▶ Assignment
Would you please report how many lines of the listing contain "ones"? Reply with that number only.

◇ ◇ ◇ ◇

(* Let $n\ge 1$, let $w_n\ge\dots\ge w_1>0$ be real weights and let $B\in\{1,\dots,n\}$. Consider RLS (defined in the context) minimising the penalised fitness \[ f(x)=\sum_{i=1}^n w_i x_i+\max\{0,\,B-b(x)\}\cdot(n w_n+1),\qquad b(x)=\sum_{i=1}^n x_i . \] Starting with an arbitrary initial search point, the expected optimisation time of RLS is $O(n^2)$, where the hidden constant does not depend on $n$, the weights, or $B$.
   Context: Problem: minimise $f_{\mathrm{obj}}(x)=\sum_{i=1}^n w_ix_i$ over $x\in\{0,1\}^n$ subject to $x_1+\dots+x_n\ge B$. A search point is optimal if it satisfies the constraint and minimises $f_{\mathrm{obj}}$ among all points satisfying the constraint. RLS: maintain a current search point $x_t$; in each iteration choose $b\in\{1,2\}$ uniformly at random, create $x'$ by flipping $b$ distinct bits of $x_t$ chosen uniformly at random; set $x_{t+1}=x'$ if $f(x')\le f(x_t)$, otherwise $x_{t+1}=x_t$. The optimisation time is the number of iterations until an optimal search point has been sampled for the first time. *)

theory Defs
  imports "HOL-Probability.Probability"
begin

text \<open>Search points x \<in> {0,1}^n are represented as index sets x \<subseteq> {1..n}:
  i \<in> x means x_i = 1. Flipping the bits in a set S is the symmetric difference.\<close>

definition search_space :: "nat \<Rightarrow> nat set set" where
  "search_space n = {x. x \<subseteq> {1..n}}"

definition ones :: "nat set \<Rightarrow> nat" where
  "ones x = card x"

definition f_obj :: "(nat \<Rightarrow> real) \<Rightarrow> nat set \<Rightarrow> real" where
  "f_obj w x = (\<Sum>i\<in>x. w i)"

definition fit :: "nat \<Rightarrow> (nat \<Rightarrow> real) \<Rightarrow> nat \<Rightarrow> nat set \<Rightarrow> real" where
  "fit n w B x = f_obj w x + max 0 (real B - real (ones x)) * (real n * w n + 1)"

◇ ◇ ◇ ◇

▶ Response to this task
3